If there are `nan` (not-a-number) values in your dataframe, Python doesn't know how to rank those, so you need to remove them first.

Use [np.sort()](https://numpy.org/doc/stable/reference/generated/numpy.sort.html) to sort the data. This will sort in ascending order (lowest to highest), so you can reverse the order using an [indexing trick](https://www.geeksforgeeks.org/python/how-to-reverse-a-list-in-python-using-slicing/). 
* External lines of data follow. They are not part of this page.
(* Consider Algorithm ProxSAGA (described in the context) with minibatch size $b\le n$, $T\ge1$ iterations, and step size $\eta=\rho/L$, where $0<\rho<1/2$ satisfies $$\frac{16 n^2\rho^2}{b^3}+\rho\le 1 .$$ Then the output $x_a$ satisfies $$\mathbb E\big[\|\mathcal G_\eta(x_a)\|^2\big]\le \frac{2L\,(F(x^0)-F(x^* ))}{\rho(1-2\rho)\,T},$$ where $x^*$ is an optimal solution of $\min_x F(x)$.
   Context: Setting: Let $n,d\ge 1$ be integers and $[n]=\{1,\dots,n\}$. Let $f_1,\dots,f_n:\mathbb R^d\to\mathbb R$ be differentiable (possibly nonconvex) functions, each $L$-smooth for some $L>0$, i.e. $\|\nabla f_i(x)-\nabla f_i(y)\|\le L\|x-y\|$ for all $x,y\in\mathbb R^d$ and $i\in[n]$. Let $f=\frac1n\sum_{i=1}^n f_i$. Let $h:\mathbb R^d\to\mathbb R\cup\{+\infty\}$ be proper, lower semicontinuous and convex, with closed domain. Let $F=f+h$, and let $x^*$ be a global minimizer of $F$ on $\mathbb R^d$ (assumed to exist). For $\eta>0$, $\mathrm{prox}_{\eta h}(x):=\arg\min_{y\in\mathbb R^d}\big(h(y)+\frac1{2\eta}\|y-x\|^2\big)$, and the gradient mapping is $\mathcal G_\eta(x):=\frac1\eta\big[x-\mathrm{prox}_{\eta h}(x-\eta\nabla f(x))\big]$. Algorithm ProxSAGA$(x^0,T,b,\eta)$: Given $x^0\in\mathbb R^d$, positive integers $T,b$ and $\eta>0$, set $\alpha^0_i=x^0$ for all $i\in[n]$. For $t=0,1,\dots$ let $g^t=\frac1n\sum_{i=1}^n\nabla f_i(\alpha^t_i)$. For $t=0,\dots,T-1$: draw two multisets $I_t,J_t$, each consisting of $b$ indices drawn independently and uniformly at random from $[n]$ (with replacement; $I_t$, $J_t$ independent of each other and of all previous draws); set $v^t=\frac1b\sum_{i\in I_t}\big(\nabla f_i(x^t)-\nabla f_i(\alpha^t_i)\big)+g^t$ and $x^{t+1}=\mathrm{prox}_{\eta h}(x^t-\eta v^t)$; set $\alpha^{t+1}_j=x^t$ for $j\in J_t$ and $\alpha^{t+1}_j=\alpha^t_j$ for $j\notin J_t$. The output $x_a$ is chosen uniformly at random from $\{x^0,\dots,x^{T-1}\}$. Expectations are over all randomness of the algorithm. *)

theory Defs
  imports "HOL-Analysis.Analysis" "HOL-Probability.Probability"
begin
lemma inner_mixture_score:
  "(\<integral>z. (qc y z * qz z) *\<^sub>R sc z y \<partial>lborel) \<bullet> h = q y * (sq y \<bullet> h)"
proof -
  obtain e g where "e > 0" and g: "integrable lborel g"
    and bound: "\<And>y' z. y' \<in> ball y e \<Longrightarrow> qc y' z * norm (sc z y') * qz z \<le> g z"
    using dom[of y] by blast
  define c where "c = e / (norm h + 1)"
  have "norm h + 1 > 0"
    by (simp add: add_nonneg_pos)
  then have "c > 0" and c_small: "c * norm h < e"
    using \<open>e > 0\<close> by (simp_all add: c_def field_simps)
  define t where "t n = c / real (Suc n)" for n
  have t_pos: "t n > 0" and t_le: "t n \<le> c" for n
    using \<open>c > 0\<close> by (auto simp: t_def field_simps)
  have t_nz: "t n \<noteq> 0" for n
    using t_pos[of n] by simp
  have "t \<longlonglongrightarrow> 0"
    unfolding t_def using LIMSEQ_Suc[OF lim_const_over_n[of c]] by simp
  define D where "D n z = (qc (y + t n *\<^sub>R h) z - qc y z) / t n * qz z" for n z
  have lim_integral: "(\<lambda>n. integral\<^sup>L lborel (D n)) \<longlonglongrightarrow> (\<integral>z. qc y z * (sc z y \<bullet> h) * qz z \<partial>lborel)"
  proof (rule integral_dominated_convergence[where w="\<lambda>z. norm h * g z"])
    show "(\<lambda>z. qc y z * (sc z y \<bullet> h) * qz z) \<in> borel_measurable lborel"
      and "\<And>n. D n \<in> borel_measurable lborel"
      unfolding D_def by measurable
    show "integrable lborel (\<lambda>z. norm h * g z)"
      using g by simp
    have "(\<lambda>n. (qc (y + t n *\<^sub>R h) z - qc y z) / t n) \<longlonglongrightarrow> qc y z * (sc z y \<bullet> h)" for z
      using DERIV_LIMSEQ_difference_quotient[OF has_score_DERIV_along_line[OF qc_score[of z], of y h 0]
          t_nz \<open>t \<longlonglongrightarrow> 0\<close>] by simp
    then show "AE z in lborel. (\<lambda>n. D n z) \<longlonglongrightarrow> qc y z * (sc z y \<bullet> h) * qz z"
      unfolding D_def by (intro AE_I2 tendsto_mult_right)
    show "AE z in lborel. norm (D n z) \<le> norm h * g z" for n
    proof (intro AE_I2)
      fix z
      have "y + u *\<^sub>R h \<in> ball y e" if "0 < u" "u < t n" for u
      proof -
        have "dist y (y + u *\<^sub>R h) = u * norm h"
          using \<open>0 < u\<close> by (simp add: dist_norm)
        also have "\<dots> \<le> c * norm h"
          using that t_le[of n] by (intro mult_right_mono) auto
        finally show ?thesis
          using c_small by simp
      qed
      then show "norm (D n z) \<le> norm h * g z"
        unfolding D_def real_norm_def
        by (intro has_score_difference_quotient_bound[OF qc_score t_pos qz_nonneg] bound)
    qed
  qed
  have integral_D: "integral\<^sup>L lborel (D n) = (q (y + t n *\<^sub>R h) - q y) / t n" for n
  proof -
    have "D n = (\<lambda>z. (qc (y + t n *\<^sub>R h) z * qz z - qc y z * qz z) / t n)"
      by (auto simp: D_def fun_eq_iff field_simps)
    then show ?thesis
      unfolding mix_marginal_def using integrable_mixture_weight by simp
  qed
  have lim_quotient: "(\<lambda>n. (q (y + t n *\<^sub>R h) - q y) / t n) \<longlonglongrightarrow> q y * (sq y \<bullet> h)"
    using DERIV_LIMSEQ_difference_quotient[OF has_score_DERIV_along_line[OF q_score, of y h 0]
        t_nz \<open>t \<longlonglongrightarrow> 0\<close>] by simp
  have "(\<integral>z. qc y z * (sc z y \<bullet> h) * qz z \<partial>lborel) = q y * (sq y \<bullet> h)"
    using LIMSEQ_unique[OF lim_integral[unfolded integral_D] lim_quotient] .
  moreover have "(\<integral>z. (qc y z * qz z) *\<^sub>R sc z y \<partial>lborel) \<bullet> h
      = (\<integral>z. qc y z * (sc z y \<bullet> h) * qz z \<partial>lborel)"
    using integrable_weighted_score[of y] by (subst integral_inner_left[symmetric]) (auto simp: ac_simps)
  ultimately show ?thesis by simp
qed
lemma node_nonneg: "0 \<le> node k"
  using node_mono[of 0 k] by simp

lemma node_le_1: "node k \<le> 1"
  using sum_le_suminf[OF summable_weight, of "{..<k}"] weight_pos weight_sums
  by (auto simp: sums_iff less_imp_le node_def)

lemma node_tendsto: "node \<longlonglongrightarrow> 1"
  using weight_sums by (simp add: sums_def node_def[abs_def])

lemma progress_nonneg: "0 \<le> progress k t"
  and progress_le_weight: "progress k t \<le> weight k"
  using node_mono[of k "Suc k"] by (auto simp: progress_def min_def node_Suc)

lemma progress_mono: "s \<le> t \<Longrightarrow> progress k s \<le> progress k t"
  using node_mono[of k "Suc k"] by (auto simp: progress_def min_def)

lemma sums_progress_diff:
  assumes "0 \<le> s" "s \<le> t" "t \<le> 1"
  shows "(\<lambda>k. progress k t - progress k s) sums (t - s)"
proof -
  have "(\<Sum>k<K. progress k t - progress k s) = min t (node K) - min s (node K)" for K
    using assms sum_lessThan_telescope[of "\<lambda>k. min t (node k) - min s (node k)" K]
    by (simp add: progress_def algebra_simps)
  moreover have "(\<lambda>K. min t (node K) - min s (node K)) \<longlonglongrightarrow> min t 1 - min s 1"
    by (intro tendsto_intros node_tendsto)
  ultimately show ?thesis
    using assms by (simp add: sums_def)
qed

lemma sums_abs_progress_diff:
  assumes "s \<in> {0..1}" "t \<in> {0..1}"
  shows "(\<lambda>k. \<bar>progress k s - progress k t\<bar>) sums \<bar>s - t\<bar>"
proof (cases "s \<le> t")
  case True
  then show ?thesis
    using sums_progress_diff[of s t] assms progress_mono[of s t] by (simp add: abs_minus_commute)
next
  case False
  then show ?thesis
    using sums_progress_diff[of t s] assms progress_mono[of t s] by simp
qed

lemma fill_nonneg: "0 \<le> fill k t"
  and fill_le_1: "fill k t \<le> 1"
  using progress_nonneg[of k t] progress_le_weight[of k t] weight_pos[of k]
  by (auto simp: fill_def field_simps)

lemma weight_mult_abs_fill_diff:
  "weight k * \<bar>fill k s - fill k t\<bar> = \<bar>progress k s - progress k t\<bar>"
  using weight_pos[of k] by (simp add: fill_def diff_divide_distrib[symmetric] abs_divide)

lemma block_mass_p: "block_mass p k = weight k"
  using one_less_p weight_pos[of k] by (simp add: block_mass_def height_def powr_powr)

lemma block_mass_nonneg: "0 \<le> block_mass r k"
  by (simp add: block_mass_def)

lemma block_mass_le_weight:
  assumes "p \<le> r"
  shows "block_mass r k \<le> weight k"
proof -
  have ratio: "0 \<le> weight k / 2^k" "weight k / 2^k \<le> 1"
    using weight_pos[of k] weight_le_1[of k] by (auto simp: field_simps order_trans[OF _ one_le_power])
  have "height k powr r = (weight k / 2^k) powr (r / p)"
    by (simp add: height_def powr_powr)
  also have "\<dots> \<le> (weight k / 2^k) powr 1"
    using assms one_less_p ratio by (intro powr_mono') auto
  finally show ?thesis
    using ratio by (simp add: block_mass_def field_simps)
qed

lemma block_mass_root:
  assumes "0 < r"
  shows "block_mass r k powr (1 / r) = block_length k * 2 powr (- (1 / p - 1 / r) * k)"
proof -
  have "block_mass r k powr (1 / r) = (2 powr k) powr (1 / r) * (weight k / 2 powr k) powr (1 / p)"
    using assms one_less_p weight_pos[of k]
    by (simp add: block_mass_def height_def powr_mult powr_powr powr_realpow)
  also have "\<dots> = block_length k * 2 powr (- (1 / p - 1 / r) * k)"
    using assms one_less_p weight_pos[of k]
    by (simp add: block_length_def powr_divide powr_powr powr_add[symmetric] powr_diff field_simps)
  finally show ?thesis .
qed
Then use [stats.rankdata()](https://docs.scipy.org/doc/scipy/reference/generated/scipy.stats.mstats.rankdata.html) to rank the maxima. Again, by default this function ranks values from lowest to highest. Here you can flip the order by multiplying by negative 1.

In [None]:
# drop NaN rows from dataframe
df3 =  df2.dropna()

# create a numpy array of return levels sorted from highest to lowest
np1 = np.sort(df3['SL'])[::-1]

# does it look right?
np1

In [None]:
# use scipy to rank the return levels
np2 = stats.rankdata(np1*-1)

# does it look right? 
# (rank 1 should correspond to the highest value of the sorted list and
#    if there are any duplicate values in the sorted list they should have
#    the same rank here)
np2

Now you can do the calculations given above for exceedance probability $P$ and return period $T$.

In [None]:
# number of years of data
N = len(np1)

# calculation for exceedance probability
P = ...

# calculation for return period 
T = ...

To make a scatter plot with a log scale on the x-axis:

In [None]:
#create axis object
fig, ax = plt.subplots()

# plot data on axis
ax.plot(x_variable, y_variable, "o")

# choose x-axis scale:
ax.set_xscale("log")

Keep adding appropriate axis labels, titles, and line labels/legends to your plots!